— TASK PROMPT —
Only the lines with "simp" in the entries below belong in the answer; please copy them.

Content starts

(* Let $Y$ be a real Hilbert space, let $Q\colon Y\to Y$ be a bounded linear operator, let $\lambda>0$, and suppose that $\langle y, Qy\rangle+\lambda\|y\|^2\le 0$ for all $y\in Y$. Then $Q$ touches every maximally monotone multifunction on $Y$; that is, for every maximally monotone $M\colon Y\rightrightarrows Y$, the set $G(M)\cap G(Q)$ is a singleton in $Y\times Y$.
   Context: For a multifunction (or function) $M$ on $Y$, $G(M)=\{(y,q)\in Y\times Y: q\in My\}$ denotes its graph. Two multifunctions $M,Q$ on $Y$ are said to touch if $G(M)\cap G(Q)$ is a singleton. *)

theory Defs
  imports "HOL-Analysis.Analysis"
begin

text \<open>Multifunctions on Y are modelled as set-valued maps 'a \<Rightarrow> 'a set.
  A real Hilbert space is a type of class real_inner and complete_space.\<close>

definition graph :: "('a \<Rightarrow> 'a set) \<Rightarrow> ('a \<times> 'a) set" where
  "graph M = {(y, q). q \<in> M y}"

definition monotone_set :: "('a::real_inner \<times> 'a) set \<Rightarrow> bool" where
  "monotone_set G \<longleftrightarrow>
     (\<forall>(x, u) \<in> G. \<forall>(y, v) \<in> G. (x - y) \<bullet> (u - v) \<ge> 0)"

definition monotone_mf :: "('a::real_inner \<Rightarrow> 'a set) \<Rightarrow> bool" where
  "monotone_mf M \<longleftrightarrow> monotone_set (graph M)"

definition maximally_monotone :: "('a::real_inner \<Rightarrow> 'a set) \<Rightarrow> bool" where
  "maximally_monotone M \<longleftrightarrow> monotone_mf M \<and>
     (\<forall>N. monotone_mf N \<and> graph M \<subseteq> graph N \<longrightarrow> graph N = graph M)"

end

theory Submission
  imports Defs
begin

(* For small gamma > 0 the map y |-> y + gamma Q y is a contraction, since <y, Q y> <= -lam |y|^2
   and Q is bounded. By Minty's theorem the resolvent (I + gamma M)^-1 is defined everywhere, and
   monotonicity makes it nonexpansive; so y |-> (I + gamma M)^-1 (y + gamma Q y) is a contraction,
   and its fixed point y satisfies Q y : M y. Two such points y, y' would give
   0 <= <y - y', Q y - Q y'> <= -lam |y - y'|^2, hence uniqueness.

   Minty's theorem is proved with the Fitzpatrick function F of M: F(x, u) >= <x, u>, with
   equality on G(M), and F is convex and lower semicontinuous. Hence F + |.|^2/2 is nonnegative
   and strongly convex, so it attains its minimum at some (x0, u0), and the first-order condition
   there shows (-u0, -x0) : G(M) and x0 + u0 = 0. *)

section \<open>Maximal monotone sets of pairs\<close>

definition maximal_monotone_set :: "('a::real_inner \<times> 'a) set \<Rightarrow> bool" where
  "maximal_monotone_set S \<longleftrightarrow> monotone_set S \<and>
     (\<forall>x u. (\<forall>(y, v) \<in> S. 0 \<le> (x - y) \<bullet> (u - v)) \<longrightarrow> (x, u) \<in> S)"
text \<open>
  Every successful iteration decreases the max-function by at least c/2 times the squared step,
  and since the iterates stay in the region where (A2) bounds the objectives below, the squared
  steps of successful iterations sum to at most 2/c (f(x_0) - F_min). At an unsuccessful
  iteration the descent lemma gives mu_{D_k} \<le> (L_max + c) alpha_k / 2, so by (A4) every
  unsuccessful iteration before k_eps has a step larger than
  tau = 2 eps / ((C_1 + 1)(L_max + c)). Hence steps never fall below min (alpha_0, beta_1 tau).
  Iterations with step at least beta_1 tau are counted through the sum of all squared steps,
  which the step-size rule bounds by Omega; those with a smaller step are successful with
  step at least alpha_0, and are counted through the successful sum.
\<close>

lemma lipschitz_gradient_quadratic_upper_bound:
  fixes f :: "'a::euclidean_space \<Rightarrow> real"
  assumes grad: "\<forall>y. (f has_derivative (\<lambda>h. g y \<bullet> h)) (at y)"
    and lip: "\<forall>y z. norm (g y - g z) \<le> L * norm (y - z)"
  shows "f (y + h) \<le> f y + g y \<bullet> h + L / 2 * norm h ^ 2"
proof -
  define \<phi> where "\<phi> t = f (y + t *\<^sub>R h) - t * (g y \<bullet> h) - L / 2 * t^2 * norm h ^ 2" for t
  have "\<phi> 1 \<le> \<phi> 0"
  proof (rule DERIV_nonpos_imp_nonincreasing[of 0 1 \<phi>])
    fix t :: real assume t: "0 \<le> t" "t \<le> 1"
    have "((\<lambda>t. y + t *\<^sub>R h) has_derivative (\<lambda>s. s *\<^sub>R h)) (at t)"
      by (auto intro!: derivative_eq_intros)
    note has_derivative_compose[OF this grad[rule_format, of "y + t *\<^sub>R h"]]
    moreover have "(\<lambda>s. g (y + t *\<^sub>R h) \<bullet> (s *\<^sub>R h)) = (*) (g (y + t *\<^sub>R h) \<bullet> h)"
      by (auto simp: mult.commute)
    ultimately have f_line: "((\<lambda>t. f (y + t *\<^sub>R h)) has_real_derivative (g (y + t *\<^sub>R h) \<bullet> h)) (at t)"
      by (simp add: has_field_derivative_def)
    have "(\<phi> has_real_derivative (g (y + t *\<^sub>R h) \<bullet> h - g y \<bullet> h - L * t * norm h ^ 2)) (at t)"
      unfolding \<phi>_def by (rule derivative_eq_intros f_line refl | simp)+
    moreover have "(g (y + t *\<^sub>R h) - g y) \<bullet> h \<le> L * t * norm h ^ 2"
    proof -
      have "(g (y + t *\<^sub>R h) - g y) \<bullet> h \<le> norm (g (y + t *\<^sub>R h) - g y) * norm h"
        by (rule norm_cauchy_schwarz)
      also have "\<dots> \<le> (L * norm (t *\<^sub>R h)) * norm h"
        using lip[rule_format, of "y + t *\<^sub>R h" y] by (intro mult_right_mono) auto
      finally show ?thesis using t by (simp add: power2_eq_square)
    qed
    ultimately show "\<exists>y. (\<phi> has_real_derivative y) (at t) \<and> y \<le> 0"
      by (auto simp: inner_diff_left)
  qed simp
  then show ?thesis unfolding \<phi>_def by simp
qed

Content ends

— SOLUTION TO THE PROBLEM —
      by (auto simp: mult.commute)
      by (simp add: has_field_derivative_def)
      unfolding \<phi>_def by (rule derivative_eq_intros f_line refl | simp)+
      finally show ?thesis using t by (simp add: power2_eq_square)
      by (auto simp: inner_diff_left)
  qed simp
  then show ?thesis unfolding \<phi>_def by simp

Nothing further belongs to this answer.